__Problem description__: Check every line of the entries below for the word "definition", and copy the ones that have it.

(Items from a dataset)
definition child_square :: "sym list \<Rightarrow> nat \<Rightarrow> nat \<Rightarrow> bool list set set" where
  "child_square w k e = square (fill e w) (fill (Suc e) w)
     (fill (child_index k (Suc e)) (child k w)) (fill (child_index k e) (child k w))"

lemma flipping_cycle_child_square:
  assumes h: "nstars w = h" and n: "length w = n"
    and k: "Suc k < h" and e: "e < h" "e \<noteq> k" "e \<noteq> Suc k"
  shows "flipping_cycle n (child_square w k e) (chain_path h w) (chain_path (h - 2) (child k w))"
proof -
  let ?j = "child_index k e"
  have j: "child_index k (Suc e) = Suc ?j" "?j < h - 2"
    using k e unfolding child_index_def by auto
  have disj: "set (chain_path h w) \<inter> set (chain_path (h - 2) (child k w)) = {}"
    unfolding set_chain_path using fill_ne_fill_child k h by blast
  have ab: "{fill e w, fill (Suc e) w} \<in> path_edges (chain_path h w)"
    unfolding path_edges_chain_path using e by blast
  have cd: "{fill (Suc ?j) (child k w), fill ?j (child k w)}
      \<in> path_edges (chain_path (h - 2) (child k w))"
    unfolding path_edges_chain_path using j by (auto simp: insert_commute)
  have hab: "hedge n (fill e w) (fill (Suc e) w)"
    using hedge_fill_Suc[of e w] e h n by simp
  have hcd: "hedge n (fill (Suc ?j) (child k w)) (fill ?j (child k w))"
    using hedge_fill_Suc[of ?j "child k w"] nstars_child[of k w] j k h n
    by (simp add: hedge_commute)
  have hbc: "hedge n (fill (Suc e) w) (fill (Suc ?j) (child k w))"
    using hedge_fill_child[of "Suc e" k w] j k e h n by simp
  have hda: "hedge n (fill ?j (child k w)) (fill e w)"
    using hedge_fill_child[of e k w] k e h n by (simp add: hedge_commute)
  show ?thesis
    unfolding child_square_def j(1) by (rule flipping_cycle_square[OF disj ab cd hab hbc hcd hda])
qed
fun gen_prods :: "'k::comm_ring_1 mpoly set \<Rightarrow> nat \<Rightarrow> 'k mpoly set" where
  "gen_prods S 0 = {1}"
| "gen_prods S (Suc r) = {s * g | s g. s \<in> S \<and> g \<in> gen_prods S r}"

lemma gen_prods_polys: "S \<subseteq> polys n \<Longrightarrow> gen_prods S r \<subseteq> polys n"
  by (induction r) (auto intro: polys_mult)

lemma ideal_pow_gen_ideal_subset:
  assumes S: "S \<subseteq> polys n"
  shows "ideal_pow n (gen_ideal n S) r \<subseteq> gen_ideal n (gen_prods S r)"
proof (induction r)
  case 0
  have "1 \<in> gen_ideal n (gen_prods S 0)"
    using gen_ideal_base[of "gen_prods S 0" n] by simp
  then show ?case
    using ideal_mult_right[OF is_ideal_gen_ideal[OF gen_prods_polys[OF S]]] by fastforce
next
  case (Suc r)
  have P: "is_ideal n (gen_ideal n (gen_prods S (Suc r)))"
    by (rule is_ideal_gen_ideal[OF gen_prods_polys[OF S]])
  show ?case unfolding ideal_pow.simps
  proof (rule ideal_prod_minimal[OF P])
    fix x y assume x: "x \<in> gen_ideal n S" and "y \<in> ideal_pow n (gen_ideal n S) r"
    then have y: "y \<in> gen_ideal n (gen_prods S r)" using Suc by blast
    have "s * t \<in> gen_ideal n (gen_prods S (Suc r))" if "s \<in> S" "t \<in> gen_prods S r" for s t
      using that by (intro subsetD[OF gen_ideal_base]) auto
    then show "x * y \<in> gen_ideal n (gen_prods S (Suc r))"
      by (rule gen_ideal_mult_mem[OF P S gen_prods_polys[OF S] _ x y])
  qed
qed


definition monom :: "(nat \<Rightarrow>\<^sub>0 nat) \<Rightarrow> 'k::comm_ring_1 mpoly" where
  "monom e = Poly_Mapping.single e 1"

definition polyC :: "'k \<Rightarrow> 'k::comm_ring_1 mpoly" where
  "polyC c = Poly_Mapping.single 0 c"

lemma monom_mult: "monom d * monom e = monom (d + e)"
  by (simp add: monom_def mult_single)

lemma monom_0: "monom 0 = 1"
  by (simp add: monom_def)

lemma lookup_monom: "lookup (monom e) d = (if d = e then 1 else 0)"
  by (simp add: monom_def lookup_single)

lemma keys_monom [simp]: "keys (monom e :: 'k::comm_ring_1 mpoly) = {e}"
  by (simp add: monom_def)

lemma polys_monom: "keys e \<subseteq> {..<n} \<Longrightarrow> monom e \<in> polys n"
  by (simp add: monom_def polys_single)

lemma polys_polyC: "polyC c \<in> polys n"
  by (simp add: polyC_def polys_single)

lemma polyC_0 [simp]: "polyC 0 = 0"
  by (simp add: polyC_def)

lemma polyC_1 [simp]: "polyC 1 = 1"
  by (simp add: polyC_def)

lemma polyC_add: "polyC (x + y) = polyC x + polyC y"
  by (simp add: polyC_def single_add)

lemma polyC_mult: "polyC (x * y) = polyC x * polyC y"
  by (simp add: polyC_def mult_single)

lemma polyC_mult_monom: "polyC c * monom d = Poly_Mapping.single d c"
  by (simp add: polyC_def monom_def mult_single)

lemma lookup_polyC: "lookup (polyC c) e = (if e = 0 then c else 0)"
  by (simp add: polyC_def lookup_single when_def)

lemma lookup_polyC_mult: "lookup (polyC c * p) e = c * lookup p e"
proof -
  have "polyC c * p = Poly_Mapping.map ((*) c) p"
    by (simp add: polyC_def mult_map_scale_conv_mult)
  then show ?thesis by (simp add: map.rep_eq when_def)
qed

lemma poly_single_expansion: "p = (\<Sum>d\<in>keys p. Poly_Mapping.single d (lookup p d))"
proof (rule poly_mapping_eqI)
  fix e
  have "lookup (\<Sum>d\<in>keys p. Poly_Mapping.single d (lookup p d)) e
      = (\<Sum>d\<in>keys p. if d = e then lookup p d else 0)"
    by (simp add: lookup_sum lookup_single when_def eq_commute)
  also have "\<dots> = lookup p e"
    by (auto simp: in_keys_iff)
  finally show "lookup p e = lookup (\<Sum>d\<in>keys p. Poly_Mapping.single d (lookup p d)) e" by simp
qed

lemma poly_monom_expansion: "p = (\<Sum>d\<in>keys p. polyC (lookup p d) * monom d)"
  by (subst poly_single_expansion) (simp add: polyC_mult_monom)

lemma mem_ideal_if_monoms_mem:
  assumes K: "is_ideal n K" and p: "p \<in> polys n" and monoms: "\<And>d. d \<in> keys p \<Longrightarrow> monom d \<in> K"
  shows "p \<in> K"
proof -
  have "(\<Sum>d\<in>keys p. polyC (lookup p d) * monom d) \<in> K"
    using monoms by (intro ideal_sum[OF K] ideal_mult_left[OF K polys_polyC])
  then show ?thesis by (subst poly_monom_expansion)
qed

definition lin_ext :: "((nat \<Rightarrow>\<^sub>0 nat) \<Rightarrow> 'k) \<Rightarrow> 'k::comm_ring_1 mpoly \<Rightarrow> 'k" where
  "lin_ext F p = (\<Sum>e\<in>keys p. lookup p e * F e)"

lemma lin_ext_0 [simp]: "lin_ext F 0 = 0"
  by (simp add: lin_ext_def)

lemma lin_ext_superset:
  "finite A \<Longrightarrow> keys p \<subseteq> A \<Longrightarrow> lin_ext F p = (\<Sum>e\<in>A. lookup p e * F e)"
  unfolding lin_ext_def by (rule sum.mono_neutral_left) (auto simp: in_keys_iff)

lemma lin_ext_add: "lin_ext F (p + q) = lin_ext F p + lin_ext F q"
proof -
  let ?A = "keys p \<union> keys q"
  have "lin_ext F (p + q) = (\<Sum>e\<in>?A. lookup (p + q) e * F e)"
    by (rule lin_ext_superset) (use keys_add[of p q] in auto)
  also have "\<dots> = (\<Sum>e\<in>?A. lookup p e * F e) + (\<Sum>e\<in>?A. lookup q e * F e)"
    by (simp add: lookup_add distrib_right sum.distrib)
  also have "\<dots> = lin_ext F p + lin_ext F q"
    by (simp add: lin_ext_superset[of ?A p F] lin_ext_superset[of ?A q F])
  finally show ?thesis .
qed

lemma lin_ext_uminus: "lin_ext F (- p) = - lin_ext F p"
  by (simp add: lin_ext_def sum_negf)

lemma lin_ext_diff: "lin_ext F (p - q) = lin_ext F p - lin_ext F q"
  by (simp add: diff_conv_add_uminus lin_ext_add lin_ext_uminus del: add_uminus_conv_diff)

lemma lin_ext_sum: "lin_ext F (sum f A) = (\<Sum>i\<in>A. lin_ext F (f i))"
  by (induction A rule: infinite_finite_induct) (simp_all add: lin_ext_add)

lemma lin_ext_single: "lin_ext F (Poly_Mapping.single e c) = c * F e"
  by (simp add: lin_ext_def)

lemma lin_ext_monom: "lin_ext F (monom e) = F e"
  by (simp add: monom_def lin_ext_single)

lemma lin_ext_mult:
  "lin_ext F (p * q) = (\<Sum>d\<in>keys p. \<Sum>d'\<in>keys q. lookup p d * lookup q d' * F (d + d'))"
proof -
  have "p * q = (\<Sum>d\<in>keys p. Poly_Mapping.single d (lookup p d))
              * (\<Sum>d'\<in>keys q. Poly_Mapping.single d' (lookup q d'))"
    using poly_single_expansion[of p] poly_single_expansion[of q] by simp
  also have "\<dots> = (\<Sum>d\<in>keys p. \<Sum>d'\<in>keys q. Poly_Mapping.single (d + d') (lookup p d * lookup q d'))"
    by (simp add: sum_product mult_single)
  finally show ?thesis by (simp add: lin_ext_sum lin_ext_single)
qed

lemma lin_ext_mult_monom: "lin_ext F (h * monom u) = (\<Sum>d\<in>keys h. lookup h d * F (d + u))"
  by (simp add: lin_ext_mult lookup_monom)

lemma lin_ext_mult_factor:
  assumes "\<And>d d'. d \<in> keys k \<Longrightarrow> d' \<in> keys h \<Longrightarrow> F (d + d') = G d * F' d'"
  shows "lin_ext F (k * h) = (\<Sum>d\<in>keys k. lookup k d * G d) * lin_ext F' h"
proof -
  have "lin_ext F (k * h) = (\<Sum>d\<in>keys k. \<Sum>d'\<in>keys h. (lookup k d * G d) * (lookup h d' * F' d'))"
    unfolding lin_ext_mult by (intro sum.cong refl) (simp add: assms mult_ac)
  then show ?thesis by (simp add: sum_product lin_ext_def)
qed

__Exercise output__:
definition child_square :: "sym list \<Rightarrow> nat \<Rightarrow> nat \<Rightarrow> bool list set set" where
definition monom :: "(nat \<Rightarrow>\<^sub>0 nat) \<Rightarrow> 'k::comm_ring_1 mpoly" where
definition polyC :: "'k \<Rightarrow> 'k::comm_ring_1 mpoly" where
definition lin_ext :: "((nat \<Rightarrow>\<^sub>0 nat) \<Rightarrow> 'k) \<Rightarrow> 'k::comm_ring_1 mpoly \<Rightarrow> 'k" where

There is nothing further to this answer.